Reports say Conagra is in talks to sell its Hebrew National hot dog brand in a deal that could be valued at $700 million
Conagra Brands Inc (NYSE:CAG) is inching higher this morning, up roughly 0.02% at $36.04 amid reports that the packaged food company is in talks to sell its Hebrew National hot dog brand to Brazil-based company JBS. According to a Wall Street Journal report, the deal could be worth $700 million, and could also include the sale of Conagra's Egg Beaters and Odom's Tennessee Pride brands.
While CAG sports a year-over-year lead of roughly 30%, the equity has been contending with pressure at its $37 level since dropping south of here in late-October. Though this region is still acting as a ceiling for Conagra stock, the 320-day moving average has moved in as solid support during the past several months.

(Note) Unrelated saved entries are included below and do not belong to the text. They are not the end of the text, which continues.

lemma block_products_measurable:
  fixes h :: "'a \<Rightarrow> real"
  assumes "\<And>l. l \<in> L \<Longrightarrow> S l \<subseteq> I" "h \<in> borel_measurable M"
  shows "(\<lambda>\<omega>. \<Sum>l\<in>L. \<Prod>x\<in>S l. h (\<omega> x)) \<in> borel_measurable (PiM I (\<lambda>_. M))"
proof -
  have "(\<lambda>\<omega>. h (\<omega> x)) \<in> borel_measurable (PiM I (\<lambda>_. M))" if "x \<in> I" for x
    using measurable_compose[OF measurable_component_singleton[OF that] assms(2)] by simp
  then show ?thesis
    using assms(1) by (intro borel_measurable_sum borel_measurable_prod) blast
qed

lemma (in prob_space) variance_sum_uncorrelated:
  fixes Y :: "'l \<Rightarrow> 'a \<Rightarrow> real"
  assumes "finite L"
    and int: "\<And>l. l \<in> L \<Longrightarrow> integrable M (Y l)"
    and int_mult: "\<And>l l'. l \<in> L \<Longrightarrow> l' \<in> L \<Longrightarrow> integrable M (\<lambda>\<omega>. Y l \<omega> * Y l' \<omega>)"
    and uncorrelated: "\<And>l l'. l \<in> L \<Longrightarrow> l' \<in> L \<Longrightarrow> l \<noteq> l' \<Longrightarrow>
      expectation (\<lambda>\<omega>. Y l \<omega> * Y l' \<omega>) = expectation (Y l) * expectation (Y l')"
  shows "variance (\<lambda>\<omega>. \<Sum>l\<in>L. Y l \<omega>) = (\<Sum>l\<in>L. variance (Y l))"
proof -
  have sq: "(\<lambda>\<omega>. (\<Sum>l\<in>L. Y l \<omega>)\<^sup>2) = (\<lambda>\<omega>. \<Sum>l\<in>L. \<Sum>l'\<in>L. Y l \<omega> * Y l' \<omega>)"
    by (simp add: power2_eq_square sum_product)
  have "integrable M (\<lambda>\<omega>. (\<Sum>l\<in>L. Y l \<omega>)\<^sup>2)"
    unfolding sq using int_mult by auto
  then have "variance (\<lambda>\<omega>. \<Sum>l\<in>L. Y l \<omega>)
      = expectation (\<lambda>\<omega>. (\<Sum>l\<in>L. Y l \<omega>)\<^sup>2) - (expectation (\<lambda>\<omega>. \<Sum>l\<in>L. Y l \<omega>))\<^sup>2"
    using int by (intro variance_eq) auto
  also have "\<dots> = (\<Sum>l\<in>L. \<Sum>l'\<in>L. expectation (\<lambda>\<omega>. Y l \<omega> * Y l' \<omega>) - expectation (Y l) * expectation (Y l'))"
    unfolding sq using int int_mult
    by (simp add: Bochner_Integration.integral_sum power2_eq_square sum_product sum_subtractf)
  also have "\<dots> = (\<Sum>l\<in>L. expectation (\<lambda>\<omega>. Y l \<omega> * Y l \<omega>) - expectation (Y l) * expectation (Y l))"
  proof (intro sum.cong refl)
    fix l assume l: "l \<in> L"
    have "(\<Sum>l'\<in>L - {l}. expectation (\<lambda>\<omega>. Y l \<omega> * Y l' \<omega>) - expectation (Y l) * expectation (Y l')) = 0"
      using l uncorrelated by (intro sum.neutral) auto
    then show "(\<Sum>l'\<in>L. expectation (\<lambda>\<omega>. Y l \<omega> * Y l' \<omega>) - expectation (Y l) * expectation (Y l'))
        = expectation (\<lambda>\<omega>. Y l \<omega> * Y l \<omega>) - expectation (Y l) * expectation (Y l)"
      using assms(1) l by (simp add: sum.remove)
  qed
  also have "\<dots> = (\<Sum>l\<in>L. variance (Y l))"
    using int int_mult by (intro sum.cong refl) (subst variance_eq, auto simp: power2_eq_square)
  finally show ?thesis .
qed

Analysts have the $37 level ticked off as a ceiling for the security, too. In fact, the 12-month consensus price target sits at $37.94, and represents a muted 5.3% premium to last night's close. The brokerage bunch looks split on the equity, with five calling it a "strong buy," and four doling out a tepid "hold."

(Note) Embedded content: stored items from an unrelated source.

(* Let $f(X)$ be a multi-Bernoulli mixture RFS density of the form $$f(X)=\sum_{a=(h_1,\dots,h_N)\in\mathcal{A}} w_a\sum_{\biguplus_{i=1}^N X_i=X}\prod_{i=1}^N f_{h_i}(X_i),$$ and consider multi-Bernoulli densities $g(X)=\sum_{\biguplus_{j=1}^N X_j=X}\prod_{j=1}^N g_j(X_j)$ whose components $g_1,\dots,g_N$ are Bernoulli densities. Then the set of Bernoulli components $[g_j]=(g_1,\dots,g_N)$ solving $$\operatorname*{argmax}_{[g_j]}\ \sum_{a\in\mathcal{A}} w_a\int\cdots\int \prod_{i=1}^N f_{h_i}(X_i)\,\log\Big(\sum_{\pi\in\Pi_N}\prod_{i=1}^N g_{\pi(i)}(X_i)\Big)\,\delta X_1\cdots\delta X_N$$ is the same as the set of $[g_j]$ solving $$\operatorname*{argmin}_{[g_j]}\int f(X)\log\frac{f(X)}{g(X)}\,\delta X\;=\;\operatorname*{argmax}_{[g_j]}\int f(X)\log g(X)\,\delta X .$$
   Context: Single-target states lie in $\mathcal{X}\subseteq\mathbb{R}^d$; finite subsets of $\mathcal{X}$ are denoted by capital letters. The set integral is $\int v(X)\,\delta X = v(\emptyset)+\sum_{n=1}^\infty\frac{1}{n!}\int\cdots\int v(\{x_1,\dots,x_n\})\,\mathrm{d}x_1\cdots\mathrm{d}x_n$. A Bernoulli density with existence probability $r\in[0,1]$ and state density $p(x)$ is $b(\emptyset)=1-r$, $b(\{x\})=r\,p(x)$, $b(X)=0$ for $|X|>1$. In $f$: $\mathcal{H}$ is an index set of single-target hypotheses, each $f_h$ ($h\in\mathcal{H}$) is a Bernoulli density with existence probability $r_h$ and state density $f_h(x)$; $\mathcal{A}\subseteq\mathcal{H}^N$ is a finite set of global association hypotheses $a=(h_1,\dots,h_N)$ with weights $w_a\ge 0$, $\sum_{a\in\mathcal{A}}w_a=1$. The notation $\sum_{\biguplus_{i=1}^N X_i=X}$ denotes summation over all ordered tuples of mutually disjoint subsets $X_1,\dots,X_N$ whose union is $X$. $\Pi_N$ is the set of all permutations (bijections) of $\{1,\dots,N\}$. Conventions $0\log 0=0$ are used. *)

theory Defs
  imports "HOL-Probability.Probability" "HOL-Combinatorics.Permutations"
begin

definition is_state_pdf :: "('a::euclidean_space \<Rightarrow> real) \<Rightarrow> bool" where
  "is_state_pdf p \<longleftrightarrow> p \<in> borel_measurable lborel \<and> (\<forall>x. 0 \<le> p x)
      \<and> (\<integral>\<^sup>+ x. ennreal (p x) \<partial>lborel) = 1"

definition bernoulli_density :: "real \<Rightarrow> ('a \<Rightarrow> real) \<Rightarrow> 'a set \<Rightarrow> real" where
  "bernoulli_density r p X =
     (if X = {} then 1 - r else if card X = 1 \<and> finite X then r * p (the_elem X) else 0)"

definition is_bernoulli :: "('a::euclidean_space set \<Rightarrow> real) \<Rightarrow> bool" where
  "is_bernoulli b \<longleftrightarrow> (\<exists>r p. 0 \<le> r \<and> r \<le> 1 \<and> is_state_pdf p \<and> b = bernoulli_density r p)"

definition disjoint_tuples :: "nat \<Rightarrow> 'a set \<Rightarrow> (nat \<Rightarrow> 'a set) set" where
  "disjoint_tuples N X = {Xs. (\<forall>i<N. \<forall>j<N. i \<noteq> j \<longrightarrow> Xs i \<inter> Xs j = {})
       \<and> (\<Union>i<N. Xs i) = X \<and> (\<forall>i\<ge>N. Xs i = {})}"

definition mb_density :: "('a set \<Rightarrow> real) list \<Rightarrow> 'a set \<Rightarrow> real" where
  "mb_density gs X = (\<Sum>Xs\<in>disjoint_tuples (length gs) X. \<Prod>i<length gs. (gs ! i) (Xs i))"

definition mbm_density :: "'h list set \<Rightarrow> ('h list \<Rightarrow> real) \<Rightarrow> ('h \<Rightarrow> 'a set \<Rightarrow> real)
      \<Rightarrow> nat \<Rightarrow> 'a set \<Rightarrow> real" where
  "mbm_density A w f N X = (\<Sum>a\<in>A. w a *
      (\<Sum>Xs\<in>disjoint_tuples N X. \<Prod>i<N. f (a ! i) (Xs i)))"

(* set integral of a nonnegative function:
   v({}) + sum_{n>=1} 1/n! int ... int v({x_1,...,x_n}) dx_1...dx_n
   (the n = 0 term of the series below equals v({})) *)
definition rfs_nn_integral :: "('a::euclidean_space set \<Rightarrow> ennreal) \<Rightarrow> ennreal" where
  "rfs_nn_integral v = (\<Sum>n. ennreal (1 / fact n) *
       (\<integral>\<^sup>+ xs. v (xs ` {..<n}) \<partial>(PiM {..<n} (\<lambda>_. lborel))))"

definition rfs_integral :: "('a::euclidean_space set \<Rightarrow> ereal) \<Rightarrow> ereal" where
  "rfs_integral v = enn2ereal (rfs_nn_integral (\<lambda>X. e2ennreal (v X)))
                  - enn2ereal (rfs_nn_integral (\<lambda>X. e2ennreal (- v X)))"

primrec multi_nn_integral :: "nat \<Rightarrow> ((nat \<Rightarrow> 'a::euclidean_space set) \<Rightarrow> ennreal) \<Rightarrow> ennreal" where
  "multi_nn_integral 0 v = v (\<lambda>_. {})"
| "multi_nn_integral (Suc N) v =
     multi_nn_integral N (\<lambda>Xs. rfs_nn_integral (\<lambda>Y. v (Xs(N := Y))))"

definition multi_integral :: "nat \<Rightarrow> ((nat \<Rightarrow> 'a::euclidean_space set) \<Rightarrow> ereal) \<Rightarrow> ereal" where
  "multi_integral N v = enn2ereal (multi_nn_integral N (\<lambda>Xs. e2ennreal (v Xs)))
                      - enn2ereal (multi_nn_integral N (\<lambda>Xs. e2ennreal (- v Xs)))"

definition xlogy :: "real \<Rightarrow> real \<Rightarrow> ereal" where
  "xlogy p s = (if p = 0 then 0 else if s = 0 then -\<infinity> else ereal (p * ln s))"

definition kl_term :: "real \<Rightarrow> real \<Rightarrow> ereal" where
  "kl_term p q = (if p = 0 then 0 else if q = 0 then \<infinity> else ereal (p * ln (p / q)))"

definition argmax_on :: "'b set \<Rightarrow> ('b \<Rightarrow> ereal) \<Rightarrow> 'b set" where
  "argmax_on S F = {x\<in>S. \<forall>y\<in>S. F y \<le> F x}"

definition argmin_on :: "'b set \<Rightarrow> ('b \<Rightarrow> ereal) \<Rightarrow> 'b set" where
  "argmin_on S F = {x\<in>S. \<forall>y\<in>S. F x \<le> F y}"

end

theory Submission
  imports Defs
begin

text \<open>
  Both objectives are computed level by level: the set integrals over the \<open>n\<close>-point
  configurations are rewritten as Lebesgue integrals over \<open>n\<close> labelled points, almost all of
  which are distinct. On distinct points a Bernoulli component carries at most one point, so
  every configuration that contributes is described by an injection of the \<open>n\<close> points into the
  \<open>N\<close> components. Summing the labelled objective over the \<open>N!\<close> permutations of the
  candidate components recovers \<open>(N - n)!\<close> copies of the multi-Bernoulli density \<open>g\<close>, and
  averaging over the association hypotheses recovers the mixture \<open>f\<close>. Hence
  \<open>\<Sum>\<^sub>a w\<^sub>a \<integral>\<cdots>\<integral> f\<^sub>a log (\<Sum>\<^sub>\<pi> \<Prod> g\<^sub>\<pi>) = \<integral> f log g + C\<close> with
  \<open>C = \<Sum>\<^sub>n (1/n!) log (N - n)! \<integral> f\<^sub>n\<close>, and \<open>KL(f \<parallel> g) = \<integral> f log f - \<integral> f log g\<close>, where
  neither constant depends on \<open>g\<close>. All three problems therefore have the same maximisers.
  To avoid \<open>\<infinity> - \<infinity>\<close>, every identity is established between positive and negative parts in
  \<open>ennreal\<close>; finiteness of the entropy of \<open>f\<close> makes the relevant parts finite.
\<close>

subsection \<open>Product measures\<close>

lemma product_sigma_finite_const: "sigma_finite_measure M \<Longrightarrow> product_sigma_finite (\<lambda>_. M)"
  by (simp add: product_sigma_finite_def)

lemma distr_PiM_bij_reindex:
  assumes M: "sigma_finite_measure M" and bij: "bij_betw t J I" and fin: "finite I"
  shows "distr (PiM I (\<lambda>_. M)) (PiM J (\<lambda>_. M)) (\<lambda>x. \<lambda>j\<in>J. x (t j))
      = PiM J (\<lambda>_. M)"
proof -
  have finJ: "finite J" using bij fin bij_betw_finite by blast
  have tJ: "t j \<in> I" if "j \<in> J" for j using bij that by (auto simp: bij_betw_def)
  have meas: "(\<lambda>x. \<lambda>j\<in>J. x (t j)) \<in> measurable (PiM I (\<lambda>_. M)) (PiM J (\<lambda>_. M))"
    by (rule measurable_restrict) (use tJ in \<open>auto intro: measurable_component_singleton\<close>)
  show ?thesis
  proof (rule product_sigma_finite.PiM_eqI[OF product_sigma_finite_const[OF M] finJ])
    show "sets (distr (PiM I (\<lambda>_. M)) (PiM J (\<lambda>_. M)) (\<lambda>x. \<lambda>j\<in>J. x (t j))) = sets (PiM J (\<lambda>_. M))"
      by simp
    fix A assume A: "\<And>j. j \<in> J \<Longrightarrow> A j \<in> sets M"
    let ?s = "inv_into J t"
    have sI: "?s i \<in> J" if "i \<in> I" for i using bij that by (metis bij_betw_def inv_into_into)
    have ts: "t (?s i) = i" if "i \<in> I" for i using bij that by (metis bij_betw_def f_inv_into_f)
    have st: "?s (t j) = j" if "j \<in> J" for j using bij that by (metis bij_betw_def inv_into_f_f)
    have pre: "(\<lambda>x. \<lambda>j\<in>J. x (t j)) -` (Pi\<^sub>E J A) \<inter> space (PiM I (\<lambda>_. M)) = Pi\<^sub>E I (\<lambda>i. A (?s i))"
    proof (intro set_eqI iffI)
      fix x assume "x \<in> (\<lambda>x. \<lambda>j\<in>J. x (t j)) -` (Pi\<^sub>E J A) \<inter> space (PiM I (\<lambda>_. M))"
      then have x0: "(\<lambda>j\<in>J. x (t j)) \<in> Pi\<^sub>E J A" "x \<in> extensional I"
        by (auto simp: space_PiM PiE_def)
      have x: "\<And>j. j \<in> J \<Longrightarrow> x (t j) \<in> A j"
      proof -
        fix j assume "j \<in> J"
        then show "x (t j) \<in> A j" using x0(1) PiE_mem[OF x0(1)] by (metis restrict_apply')
      qed
      show "x \<in> Pi\<^sub>E I (\<lambda>i. A (?s i))"
      proof (unfold PiE_iff, intro conjI ballI)
        fix i assume i: "i \<in> I"
        show "x i \<in> A (?s i)" using x[OF sI[OF i]] ts[OF i] by simp
      qed (rule x0(2))
    next
      fix x assume x: "x \<in> Pi\<^sub>E I (\<lambda>i. A (?s i))"
      then have "x (t j) \<in> A j" if "j \<in> J" for j using PiE_mem[OF x tJ[OF that]] st[OF that] by simp
      then show "x \<in> (\<lambda>x. \<lambda>j\<in>J. x (t j)) -` (Pi\<^sub>E J A) \<inter> space (PiM I (\<lambda>_. M))"
        using x sI sets.sets_into_space[OF A] by (fastforce simp: space_PiM PiE_def Pi_iff)
    qed
    have "emeasure (distr (PiM I (\<lambda>_. M)) (PiM J (\<lambda>_. M)) (\<lambda>x. \<lambda>j\<in>J. x (t j))) (Pi\<^sub>E J A)
        = emeasure (PiM I (\<lambda>_. M)) (Pi\<^sub>E I (\<lambda>i. A (?s i)))"
      using A by (subst emeasure_distr[OF meas]) (auto simp: pre intro!: sets_PiM_I_finite finJ)
    also have "\<dots> = (\<Prod>i\<in>I. emeasure M (A (?s i)))"
      using A sI by (intro product_sigma_finite.emeasure_PiM[OF product_sigma_finite_const[OF M] fin]) auto
    also have "\<dots> = (\<Prod>j\<in>J. emeasure M (A j))"
      using prod.reindex_bij_betw[OF bij, of "\<lambda>i. emeasure M (A (?s i))"] st by simp
    finally show "emeasure (distr (PiM I (\<lambda>_. M)) (PiM J (\<lambda>_. M)) (\<lambda>x. \<lambda>j\<in>J. x (t j))) (Pi\<^sub>E J A)
        = (\<Prod>j\<in>J. emeasure M (A j))" .
  qed
qed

Short-term option traders have rarely been more call-biased, however. This is per CAG's Schaeffer's put/call open interest ratio of 0.38, which stands higher than just 12% of readings from the past 12 months.
Thank being said, now looks like an opportune time to get in on Conagra stock's next move with options. The equity's Schaeffer's Volatility Index (SVI) of 25% stands in the extremely low third percentile of its annual range, implying option players are pricing in relatively low volatility expectations at the moment.